For today, though, we just want to look at the bare story, on the face of it. You’ll see this in any good story. It contains basically five elements: a theme; characters; a setting; a plot, which involves conflict, usually; and then a resolution of the conflict, completing the story. And that’s really what we see here. The characters in the story—who are they? Jesus’ parents and Jesus. They are essentially the characters. The rabbis teaching, the friends, the acquaintances, the relatives—they’re all part of the background and the setting, but the real characters are Jesus’ parents—and really Mary—and then Jesus himself. The setting is a pilgrimage to Jerusalem, an annual pilgrimage.

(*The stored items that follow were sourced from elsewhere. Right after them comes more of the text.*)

(* Let $A\to B$ be a homomorphism of $\mathbb{Z}$-algebras, and let $Q_j=\bigoplus_iB_{ij}$ ($j\in\mathbb{Z}$) be the indecomposable projective $B$-modules. Assume that $A$ is coherent and that all $Q_j$ are coherent as $A$-modules (via the homomorphism). Then $B$ is a coherent $\mathbb{Z}$-algebra.
   Context: $k$ is a fixed field. A $\mathbb{Z}$-algebra is an associative $k$-algebra $A=\bigoplus_{i\le j}A_{ij}$ ($i,j\in\mathbb{Z}$) with $A_{ii}=k$, only nonzero multiplication components $A_{jk}\otimes A_{ij}\to A_{ik}$, with $A_{jj}\otimes A_{ij}\to A_{ij}$ and $A_{ij}\otimes A_{ii}\to A_{ij}$ the identity maps; it is assumed $\dim_kA_{ij}<\infty$. A homomorphism of $\mathbb{Z}$-algebras respects the components $A_{ij}\to B_{ij}$. An $A$-module is a graded right module $M=\bigoplus_iM_i$ with action $M_j\otimes A_{ij}\to M_i$ ($M_i\otimes A_{ii}\to M_i$ the identity). $P_j=\bigoplus_iA_{ij}$; $S_j$ is the module with $(S_j)_j=k$, $(S_j)_i=0$ otherwise; $\mathcal{P}$ is the class of finite direct sums of $P_j$'s. $M$ is finitely generated if it is a quotient of some $P\in\mathcal{P}$; $M$ is coherent if it is finitely generated and for every $f:P\to M$ with $P\in\mathcal{P}$, $\ker f$ is finitely generated. $A$ is coherent (meaning right coherent) if all $P_j$ and all $S_j$ are coherent. *)

theory Defs
  imports Complex_Main "HOL-Library.Function_Algebras"
begin
text \<open>By (A_f), for large s the integrand f(s, Y_s) equals \<rho> s^\<gamma> Y_s^\<alpha> up to a relative error \<eta>
  and an additive error C s^\<gamma>, with C = 0 when \<alpha> = 0. Integrating, U_t/2 - \<rho> A_t is pathwise at
  most \<eta> A_t plus a term that is o(t^(1+\<beta>)). Such an approximation transfers convergence in
  distribution: the tails of A_t/t^(1+\<beta>) are uniformly small because it converges in distribution,
  and on the bulk a bounded continuous test function is uniformly continuous. The random variables
  U_t are measurable as pointwise limits of Riemann sums.\<close>

lemma integral_split_grid:
  fixes a b :: real and h :: "real \<Rightarrow> real"
  assumes ab: "a \<le> b" and n: "n > 0" and hc: "continuous_on {a..b} h"
  shows "integral {a..b} h = (\<Sum>k<n. integral {a + real k * (b-a)/n .. a + real (Suc k) * (b-a)/n} h)"
proof -
  define x where "x k = a + real k * (b-a)/n" for k :: nat
  have x_mono: "x i \<le> x j" if "i \<le> j" for i j
    unfolding x_def using that ab n by (intro add_left_mono divide_right_mono mult_right_mono) auto
  have "h integrable_on {a..b}" using hc by (rule integrable_continuous_real)
  have "integral {a..x m} h = (\<Sum>k<m. integral {x k..x (Suc k)} h)" if "m \<le> n" for m
    using that
  proof (induction m)
    case (Suc m)
    have "x (Suc m) \<le> b" using x_mono[OF Suc.prems] n by (simp add: x_def)
    then have "h integrable_on {a..x (Suc m)}"
      using integrable_on_subinterval[OF \<open>h integrable_on {a..b}\<close>, of a "x (Suc m)"] by auto
    then have "integral {a..x m} h + integral {x m..x (Suc m)} h = integral {a..x (Suc m)} h"
      using x_mono[of 0 m] x_mono[of m "Suc m"]
      by (intro Henstock_Kurzweil_Integration.integral_combine) (auto simp: x_def)
    then show ?case using Suc by simp
  qed (simp add: x_def)
  from this[of n] show ?thesis using n by (simp add: x_def)
qed
lemma card_permutes_map_eq:
  assumes "S \<subseteq> T" "xs \<in> permutations_of_set S" "ys \<in> permutations_of_set S"
  shows "card {\<sigma>. \<sigma> permutes T \<and> P (map \<sigma> xs)} = card {\<sigma>. \<sigma> permutes T \<and> P (map \<sigma> ys)}"
proof -
  obtain \<tau> where \<tau>_S: "\<tau> permutes S" and \<tau>: "map \<tau> xs = ys"
    using assms(2,3) by (rule ex_permutes_map_eq)
  have \<tau>_T: "\<tau> permutes T"
    using \<tau>_S assms(1) by (rule permutes_subset)
  have map_comp: "map (\<sigma> \<circ> \<tau>) xs = map \<sigma> ys" "map (\<sigma> \<circ> inv \<tau>) ys = map \<sigma> xs" for \<sigma>
    using \<tau> permutes_inverses(2)[OF \<tau>_T] by (auto intro: map_idI)
  have "bij_betw (\<lambda>\<sigma>. \<sigma> \<circ> \<tau>) {\<sigma>. \<sigma> permutes T \<and> P (map \<sigma> ys)} {\<sigma>. \<sigma> permutes T \<and> P (map \<sigma> xs)}"
    using \<tau>_T
    by (intro bij_betw_byWitness[where f' = "\<lambda>\<sigma>. \<sigma> \<circ> inv \<tau>"])
       (auto simp: map_comp comp_assoc permutes_inv_o permutes_compose permutes_inv)
  then show ?thesis
    by (simp add: bij_betw_same_card)
qed

lemma sum_card_filter_swap:
  assumes "finite A" "finite B"
  shows "(\<Sum>x\<in>A. card {y \<in> B. R x y}) = (\<Sum>y\<in>B. card {x \<in> A. R x y})"
  unfolding card_eq_sum using assms by (rule sum.swap_restrict)

text \<open>Double counting of the pairs (\<sigma>, js) with P (map \<sigma> js): for fixed \<sigma> they are as
many as the lists satisfying P, and each of the k! orderings of a k-set S contributes as
many as sorted_list_of_set S does.\<close>

lemma fact_card_mult_card_distinct_lists:
  fixes T :: "'a::linorder set" and P :: "'a list \<Rightarrow> bool"
  assumes "finite T"
  shows "fact (card T) * card {js. length js = k \<and> set js \<subseteq> T \<and> distinct js \<and> P js} =
         fact k * (\<Sum>\<sigma> | \<sigma> permutes T.
                     card {S. S \<subseteq> T \<and> card S = k \<and> P (map \<sigma> (sorted_list_of_set S))})"
proof -
  define Perms where "Perms = {\<sigma>. \<sigma> permutes T}"
  define L where "L = {js. length js = k \<and> set js \<subseteq> T \<and> distinct js}"
  define K where "K = {S. S \<subseteq> T \<and> card S = k}"
  define c where "c js = card {\<sigma> \<in> Perms. P (map \<sigma> js)}" for js
  have fin: "finite Perms" "finite L" "finite K"
    using assms finite_permutations finite_lists_length_eq[OF assms, of k]
    by (auto simp: Perms_def L_def K_def intro: rev_finite_subset)
  have L_UN: "L = (\<Union>S\<in>K. permutations_of_set S)"
    by (auto simp: L_def K_def permutations_of_set_def distinct_card)
  have c_sorted: "c js = c (sorted_list_of_set S)" if "S \<in> K" "js \<in> permutations_of_set S" for S js
    using that card_permutes_map_eq[of S T js "sorted_list_of_set S" P] finite_subset[OF _ assms]
    by (auto simp: c_def Perms_def K_def permutations_of_set_def)
  have "fact (card T) * card {js \<in> L. P js} = (\<Sum>\<sigma>\<in>Perms. card {js \<in> L. P (map \<sigma> js)})"
    using assms card_distinct_lists_map_permutes[of _ T k P]
    by (simp add: Perms_def L_def card_permutations)
  also have "\<dots> = (\<Sum>js\<in>L. c js)"
    unfolding c_def using fin(1,2) by (rule sum_card_filter_swap)
  also have "\<dots> = (\<Sum>S\<in>K. \<Sum>js\<in>permutations_of_set S. c js)"
    unfolding L_UN
    by (rule sum.UNION_disjoint[OF fin(3)]) (simp, fastforce simp: permutations_of_set_def)
  also have "\<dots> = (\<Sum>S\<in>K. fact k * c (sorted_list_of_set S))"
    using c_sorted finite_subset[OF _ assms] by (intro sum.cong) (auto simp: K_def)
  also have "\<dots> = fact k * (\<Sum>S\<in>K. c (sorted_list_of_set S))"
    by (simp add: sum_distrib_left)
  also have "(\<Sum>S\<in>K. c (sorted_list_of_set S)) =
             (\<Sum>\<sigma>\<in>Perms. card {S \<in> K. P (map \<sigma> (sorted_list_of_set S))})"
    unfolding c_def using fin(3,1) by (rule sum_card_filter_swap)
  finally show ?thesis
    by (simp add: Perms_def L_def K_def)
qed
(* Assume $\operatorname{rank}(X)=n$ and that $\xi_r(\varpi^N)<1/2$ for some $r\in\{0,\ldots,N\}$; set $r^*(\varpi^N)=\max\{r\in\{0,\ldots,N\}:\xi_r(\varpi^N)<1/2\}$. Suppose there exists $\tilde A\in\mathbb{R}^{n\times s}$ with pairwise distinct columns such that $\min_{i\in\mathbb{S}}|I_i(\tilde A)|\ge s\,\nu_n(X)$ and $\|\phi(\tilde A)\|_0\le r^*(\varpi^N)$. Then $\Psi(\varpi^N)=\{\mathrm{set}(\tilde A)\}$.
   Context: Data: integers $n,s,N\ge1$ and a dataset $\varpi^N=((x_1,y_1),\ldots,(x_N,y_N))$ with $x_t\in\mathbb{R}^n$, $y_t\in\mathbb{R}$; $X=[x_1\ \cdots\ x_N]\in\mathbb{R}^{n\times N}$. Let $\mathbb{T}=\{1,\ldots,N\}$, $\mathbb{S}=\{1,\ldots,s\}$. For $A=[a_1\ \cdots\ a_s]\in\mathbb{R}^{n\times s}$, $\mathrm{set}(A)=\{a_1,\ldots,a_s\}$; $\sigma_A:\mathbb{T}\to\mathbb{S}$ is a switching signal satisfying $\sigma_A(t)\in\arg\min_{i\in\mathbb{S}}|y_t-x_t^\top a_i|$ for all $t$, selected uniquely by a fixed rule depending only on $A$ and the data (among all admissible choices, one maximizing $\min_{i}|I_i(A)|$, ties then broken by assigning the smallest admissible index). $I_i(A)=\{t\in\mathbb{T}:\sigma_A(t)=i\}$. $\phi(A)=\big(y_1-x_1^\top a_{\sigma_A(1)},\ldots,y_N-x_N^\top a_{\sigma_A(N)}\big)^\top$, $\mathcal{J}(A)=\|\phi(A)\|_1=\sum_t\min_i|y_t-a_i^\top x_t|$, and $\phi_{\mathcal{T}}(A)$ its subvector indexed by $\mathcal{T}\subset\mathbb{T}$. $\|w\|_0$ is the number of nonzero entries. The LSM estimator is $\Psi(\varpi^N)=\{\mathrm{set}(\hat A):\hat A\in\arg\min_{A\in\mathbb{R}^{n\times s}}\mathcal{J}(A)\}$. The $r$-th concentration ratio is $$\xi_r(\varpi^N)=\sup\Big\{\frac{\|\phi_{\mathcal{T}}(A)-\phi_{\mathcal{T}}(A')\|_1}{\|\phi(A)-\phi(A')\|_1}: A,A'\in\mathbb{R}^{n\times s},\ \mathcal{T}\subset\mathbb{T},\ \phi(A)\ne\phi(A'),\ |\mathcal{T}|\le r\Big\}.$$ Genericity index: for $\operatorname{rank}(X)=n$, $\nu_n(X)$ is the smallest integer $m$ such that every submatrix $X_{\mathcal{S}}$ formed by $m$ columns of $X$ ($\mathcal{S}\subset\mathbb{T}$, $|\mathcal{S}|=m$) has rank $n$. *)

theory Defs
  imports "HOL-Analysis.Analysis"
begin

text \<open>Data points are given as two lists xs (regressors in real^'n, so
n = CARD('n)) and ys (outputs) of common length N; time indices are 0..<N.
A parameter matrix A in R^(n x s) is a list of s columns; mode indices are 0..<s.
A switching signal is a list of length N of mode indices.\<close>

definition residual :: "(real^'n) list \<Rightarrow> real list \<Rightarrow> (real^'n) list \<Rightarrow> nat \<Rightarrow> nat \<Rightarrow> real" where
  "residual xs ys A t i = ys ! t - (xs ! t) \<bullet> (A ! i)"

definition admissible_sig :: "(real^'n) list \<Rightarrow> real list \<Rightarrow> nat \<Rightarrow> (real^'n) list \<Rightarrow> nat list set" where
  "admissible_sig xs ys s A = {\<sigma>. length \<sigma> = length xs \<and>
     (\<forall>t<length xs. \<sigma> ! t < s \<and>
        (\<forall>i<s. \<bar>residual xs ys A t (\<sigma> ! t)\<bar> \<le> \<bar>residual xs ys A t i\<bar>))}"

definition mode_set :: "nat list \<Rightarrow> nat \<Rightarrow> nat set" where
  "mode_set \<sigma> i = {t. t < length \<sigma> \<and> \<sigma> ! t = i}"

definition sig_score :: "nat \<Rightarrow> nat list \<Rightarrow> nat" where
  "sig_score s \<sigma> = Min ((\<lambda>i. card (mode_set \<sigma> i)) ` {0..<s})"

definition best_sig :: "(real^'n) list \<Rightarrow> real list \<Rightarrow> nat \<Rightarrow> (real^'n) list \<Rightarrow> nat list set" where
  "best_sig xs ys s A = {\<sigma> \<in> admissible_sig xs ys s A.
      \<forall>\<sigma>' \<in> admissible_sig xs ys s A. sig_score s \<sigma>' \<le> sig_score s \<sigma>}"
(* Let $R$ be a local noetherian ring, $C$ a semidualizing $R$-module, and $M$ a finitely generated $R$-module admitting a bounded $\mathcal{P}_C^f$-resolution. Then $M$ admits a minimal $\mathcal{P}_C^f$-resolution.
   Context: An $R$-module $C$ over a noetherian ring $R$ is semidualizing if it is finitely generated, the homothety map $R\to\operatorname{Hom}_R(C,C)$ is an isomorphism, and $\operatorname{Ext}^i_R(C,C)=0$ for all $i\geq 1$. $\mathcal{P}_C^f$ is the class of modules $C\otimes_R P$ with $P$ finitely generated projective (over a local ring, the modules $C^n$). A $\mathcal{P}_C^f$-resolution of $M$ is a complex $X$ with $X_n=0$ for $n<0$, $\operatorname{H}_n(X)=0$ for $n>0$, $\operatorname{H}_0(X)\cong M$, and all $X_n\in\mathcal{P}_C^f$. A complex $B$ is minimal if every homotopy equivalence $B\to B$ is an isomorphism (equivalently, every chain map $B\to B$ homotopic to the identity is an isomorphism). *)

theory Defs
  imports "HOL-Algebra.Module" "HOL-Algebra.Ring_Divisibility"
begin

definition lin_map :: "('a, 'r) ring_scheme \<Rightarrow> ('a, 'b, 'm1) module_scheme \<Rightarrow> ('a, 'c, 'm2) module_scheme
    \<Rightarrow> ('b \<Rightarrow> 'c) \<Rightarrow> bool" where
  "lin_map R M N f \<longleftrightarrow>
     f \<in> carrier M \<rightarrow> carrier N \<and>
     (\<forall>x\<in>carrier M. \<forall>y\<in>carrier M. f (x \<oplus>\<^bsub>M\<^esub> y) = f x \<oplus>\<^bsub>N\<^esub> f y) \<and>
     (\<forall>r\<in>carrier R. \<forall>x\<in>carrier M. f (r \<odot>\<^bsub>M\<^esub> x) = r \<odot>\<^bsub>N\<^esub> f x)"

definition fin_gen :: "('a, 'r) ring_scheme \<Rightarrow> ('a, 'b, 'm) module_scheme \<Rightarrow> bool" where
  "fin_gen R M \<longleftrightarrow>
     (\<exists>S. finite S \<and> S \<subseteq> carrier M \<and>
        (\<forall>m\<in>carrier M. \<exists>c \<in> S \<rightarrow> carrier R. m = finsum M (\<lambda>s. c s \<odot>\<^bsub>M\<^esub> s) S))"

definition local_ring :: "('a, 'r) ring_scheme \<Rightarrow> bool" where
  "local_ring R \<longleftrightarrow> cring R \<and> (\<exists>!I. maximalideal I R)"

text \<open>The direct sum M^n, realised as functions nat => M vanishing from index n on.\<close>
definition pow_mod :: "('a, 'b, 'm) module_scheme \<Rightarrow> nat \<Rightarrow> ('a, nat \<Rightarrow> 'b) module" where
  "pow_mod M n =
     \<lparr>carrier = {f. (\<forall>i<n. f i \<in> carrier M) \<and> (\<forall>i. n \<le> i \<longrightarrow> f i = \<zero>\<^bsub>M\<^esub>)},
      mult = (\<lambda>f g i. \<zero>\<^bsub>M\<^esub>),
      one = (\<lambda>i. \<zero>\<^bsub>M\<^esub>),
      zero = (\<lambda>i. \<zero>\<^bsub>M\<^esub>),
      add = (\<lambda>f g i. f i \<oplus>\<^bsub>M\<^esub> g i),
      smult = (\<lambda>r f i. r \<odot>\<^bsub>M\<^esub> f i)\<rparr>"

definition ring_mod :: "('a, 'r) ring_scheme \<Rightarrow> ('a, 'a) module" where
  "ring_mod R =
     \<lparr>carrier = carrier R, mult = mult R, one = one R, zero = zero R, add = add R,
      smult = mult R\<rparr>"

abbreviation free_mod :: "('a, 'r) ring_scheme \<Rightarrow> nat \<Rightarrow> ('a, nat \<Rightarrow> 'a) module" where
  "free_mod R n \<equiv> pow_mod (ring_mod R) n"

text \<open>An augmented complex  ... -> X_2 -d_2-> X_1 -d_1-> X_0 -e-> N -> 0  with X_k = P^(a k),
  which is exact everywhere, i.e. a resolution of N (H_k = 0 for k > 0 and H_0 \<cong> N via e).\<close>
definition pow_resolution ::
  "('a, 'r) ring_scheme \<Rightarrow> ('a, 'b, 'm1) module_scheme \<Rightarrow> ('a, 'c, 'm2) module_scheme
     \<Rightarrow> (nat \<Rightarrow> nat) \<Rightarrow> (nat \<Rightarrow> (nat \<Rightarrow> 'b) \<Rightarrow> (nat \<Rightarrow> 'b)) \<Rightarrow> ((nat \<Rightarrow> 'b) \<Rightarrow> 'c) \<Rightarrow> bool" where
  "pow_resolution R P N a d e \<longleftrightarrow>
     (\<forall>n\<ge>1. lin_map R (pow_mod P (a n)) (pow_mod P (a (n - 1))) (d n)) \<and>
     (\<forall>n\<ge>1. {x \<in> carrier (pow_mod P (a n)). d n x = \<zero>\<^bsub>pow_mod P (a (n - 1))\<^esub>}
               = d (Suc n) ` carrier (pow_mod P (a (Suc n)))) \<and>
     lin_map R (pow_mod P (a 0)) N e \<and>
     e ` carrier (pow_mod P (a 0)) = carrier N \<and>
     {x \<in> carrier (pow_mod P (a 0)). e x = \<zero>\<^bsub>N\<^esub>} = d 1 ` carrier (pow_mod P (a 1))"

text \<open>A P_C^f-resolution of M (over a local ring P_C^f consists of the modules C^n).\<close>
abbreviation PCf_resolution where
  "PCf_resolution R C M a d e \<equiv> pow_resolution R C M a d e"

abbreviation free_resolution where
  "free_resolution R C b d e \<equiv> pow_resolution R (ring_mod R) C b d e"

definition homothety_iso :: "('a, 'r) ring_scheme \<Rightarrow> ('a, 'c, 'm) module_scheme \<Rightarrow> bool" where
  "homothety_iso R C \<longleftrightarrow>
     (\<forall>f. lin_map R C C f \<longrightarrow>
        (\<exists>!r. r \<in> carrier R \<and> (\<forall>c\<in>carrier C. f c = r \<odot>\<^bsub>C\<^esub> c)))"

text \<open>Ext^i_R(C,C) = 0 for all i >= 1, computed as the cohomology of Hom_R(F,C) for a
  (any) resolution F of C by finitely generated free modules:
  every phi in Hom(F_i,C) with phi o d_(i+1) = 0 is of the form psi o d_i.\<close>
definition ext_self_vanishing :: "('a, 'r) ring_scheme \<Rightarrow> ('a, 'c, 'm) module_scheme \<Rightarrow> bool" where
  "ext_self_vanishing R C \<longleftrightarrow>
     (\<forall>b d e. free_resolution R C b d e \<longrightarrow>
        (\<forall>i\<ge>1. \<forall>\<phi>. lin_map R (free_mod R (b i)) C \<phi> \<and>
                 (\<forall>x\<in>carrier (free_mod R (b (Suc i))). \<phi> (d (Suc i) x) = \<zero>\<^bsub>C\<^esub>) \<longrightarrow>
              (\<exists>\<psi>. lin_map R (free_mod R (b (i - 1))) C \<psi> \<and>
                    (\<forall>x\<in>carrier (free_mod R (b i)). \<phi> x = \<psi> (d i x)))))"

definition semidualizing :: "('a, 'r) ring_scheme \<Rightarrow> ('a, 'c, 'm) module_scheme \<Rightarrow> bool" where
  "semidualizing R C \<longleftrightarrow>
     module R C \<and> fin_gen R C \<and> homothety_iso R C \<and> ext_self_vanishing R C"

definition bounded_cx :: "('a, 'c, 'm) module_scheme \<Rightarrow> (nat \<Rightarrow> nat) \<Rightarrow> bool" where
  "bounded_cx C a \<longleftrightarrow>
     (\<exists>N. \<forall>n\<ge>N. carrier (pow_mod C (a n)) = {\<zero>\<^bsub>pow_mod C (a n)\<^esub>})"

definition chain_endo ::
  "('a, 'r) ring_scheme \<Rightarrow> ('a, 'c, 'm) module_scheme \<Rightarrow> (nat \<Rightarrow> nat)
     \<Rightarrow> (nat \<Rightarrow> (nat \<Rightarrow> 'c) \<Rightarrow> (nat \<Rightarrow> 'c)) \<Rightarrow> (nat \<Rightarrow> (nat \<Rightarrow> 'c) \<Rightarrow> (nat \<Rightarrow> 'c)) \<Rightarrow> bool" where
  "chain_endo R C a d \<phi> \<longleftrightarrow>
     (\<forall>n. lin_map R (pow_mod C (a n)) (pow_mod C (a n)) (\<phi> n)) \<and>
     (\<forall>n\<ge>1. \<forall>x\<in>carrier (pow_mod C (a n)). d n (\<phi> n x) = \<phi> (n - 1) (d n x))"

definition cx_homotopic ::
  "('a, 'r) ring_scheme \<Rightarrow> ('a, 'c, 'm) module_scheme \<Rightarrow> (nat \<Rightarrow> nat)
     \<Rightarrow> (nat \<Rightarrow> (nat \<Rightarrow> 'c) \<Rightarrow> (nat \<Rightarrow> 'c))
     \<Rightarrow> (nat \<Rightarrow> (nat \<Rightarrow> 'c) \<Rightarrow> (nat \<Rightarrow> 'c)) \<Rightarrow> (nat \<Rightarrow> (nat \<Rightarrow> 'c) \<Rightarrow> (nat \<Rightarrow> 'c)) \<Rightarrow> bool" where
  "cx_homotopic R C a d \<phi> \<psi> \<longleftrightarrow>
     (\<exists>s. (\<forall>n. lin_map R (pow_mod C (a n)) (pow_mod C (a (Suc n))) (s n)) \<and>
          (\<forall>n. \<forall>x\<in>carrier (pow_mod C (a n)).
              \<phi> n x = \<psi> n x \<oplus>\<^bsub>pow_mod C (a n)\<^esub> d (Suc n) (s n x)
                        \<oplus>\<^bsub>pow_mod C (a n)\<^esub> (if n = 0 then \<zero>\<^bsub>pow_mod C (a n)\<^esub> else s (n - 1) (d n x))))"
lemma MVT_between:
  fixes V V' :: "real \<Rightarrow> real"
  assumes Vc: "continuous_on {0..} V"
    and Vd: "\<And>p. 0 < p \<Longrightarrow> (V has_real_derivative V' p) (at p)"
    and "0 \<le> s" "0 \<le> e" "s \<noteq> e"
  shows "\<exists>\<xi>. min s e < \<xi> \<and> \<xi> < max s e \<and> V s - V e = V' \<xi> * (s - e)"
proof -
  have ordered: "\<exists>\<xi>. a < \<xi> \<and> \<xi> < b \<and> V b - V a = V' \<xi> * (b - a)" if ab: "0 \<le> a" "a < b" for a b
  proof -
    have "continuous_on {a..b} V" by (rule continuous_on_subset[OF Vc]) (use ab in auto)
    moreover have "\<And>x. a < x \<Longrightarrow> x < b \<Longrightarrow> V differentiable (at x)"
      using Vd ab unfolding has_field_derivative_def differentiable_def by (meson le_less_trans)
    ultimately obtain l z where z: "a < z" "z < b" "DERIV V z :> l" "V b - V a = (b - a) * l"
      using MVT[OF ab(2)] by blast
    have "l = V' z" using DERIV_unique[OF z(3) Vd] z ab by auto
    then show ?thesis using z by (auto simp: mult.commute)
  qed
  show ?thesis
  proof (cases "s < e")
    case True
    then show ?thesis using ordered[of s e] assms by (auto simp: algebra_simps)
  next
    case False
    then show ?thesis using ordered[of e s] assms by auto
  qed
qed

The plot or the conflict would appear on the surface to be about parental anxiety in losing a child, and then the resolution is finding him safe and sound. That’s what we see on the surface anyway, but there’s more. When they do find him, they see something more revealed. Something that develops the theme of the story, which is the theme, as I mentioned in verse 40. 

So, we’ll begin with where Luke begins, with the introduction. Point one in your outline: Introduction: The Annual Pilgrimage. And this covers the theme and the setting. So the theme in the opening verse of the narrative, verse 40, says, “The child grew and became strong, filled with wisdom. And the favor of God was upon him.” Or we could say the grace of God was upon him. As we already noted, the first verse is the opening bracket of the story. Everything else is contained within it, and its companion bracket closes the story in verse 52: “Jesus increased in wisdom and stature and in favor with God and man.” So, again, those verses are like bookends that hold the whole story together. And here, Luke is connecting this story back to his summary statement about John the Baptist in Luke 1:80. You can flip back and look at that. Luke 1:80 says, “The child”—talking about John the Baptist—“grew and became strong in spirit, and he was in the wilderness until the day of his public appearance to Israel.” That’s interesting. Like his cousin John the Baptist, Jesus also grew and became strong. 

But unlike John the Baptist, Jesus was not removed from the normal routines of life until his public ministry. He didn’t spend his days out in the wilderness until he appeared in public. Jesus remained within a domestic setting, in submission to his parents. He was an apprentice to a carpenter father, Joseph. He was an obedient son to his mother, Mary. He had to live and grow in an environment where people are having to relate to him and he’s having to relate to other people. There’s a social development and refinement of Jesus, but in Chapter 3 with John the Baptist—not a whole lot of social refinement. “Brood of vipers” is John’s opening line. What is that? Hey, hello, how about a greeting? No. “Brood of vipers.” So that’s John the Baptist. Jesus is a very different kind of ministry. This interjection here in verse 40 bracketed with verse 52, connected to Luke 1:80—it’s also connecting Jesus back to Samuel as we talked about before. Jesus, like Samuel, was also dedicated by his parents to lifelong service to God. Samuel was also dedicated to lifelong service to God. Samuel also needed to grow up. And notice there’s a similarity in this verse in 1 Samuel 2:26. “Now the boy Samuel continued to grow both in stature and in favor with the Lord and also with men.” Isn’t that interesting? So, it connects all the way back to the Old Testament—Samuel growing in stature and favor with the Lord and with men. Samuel had to grow in stature and favor. John the Baptist had to grow and become strong in spirit. Jesus being fully human also had to grow and become strong. And that is an essential truth that we need to see here about the theme of this story it’s going to demonstrate to us, which is why there’s a bracket—we could have summarized it one verse, right? And then it would be completely parallel with Luke 1:80 and 1 Samuel Chapter 2, verse 26. We could have connected those with just one verse each. But here in Luke 2, Luke wants to expand that and show us some insight and illustrate what this actually looked like. How did Jesus grow in wisdom? 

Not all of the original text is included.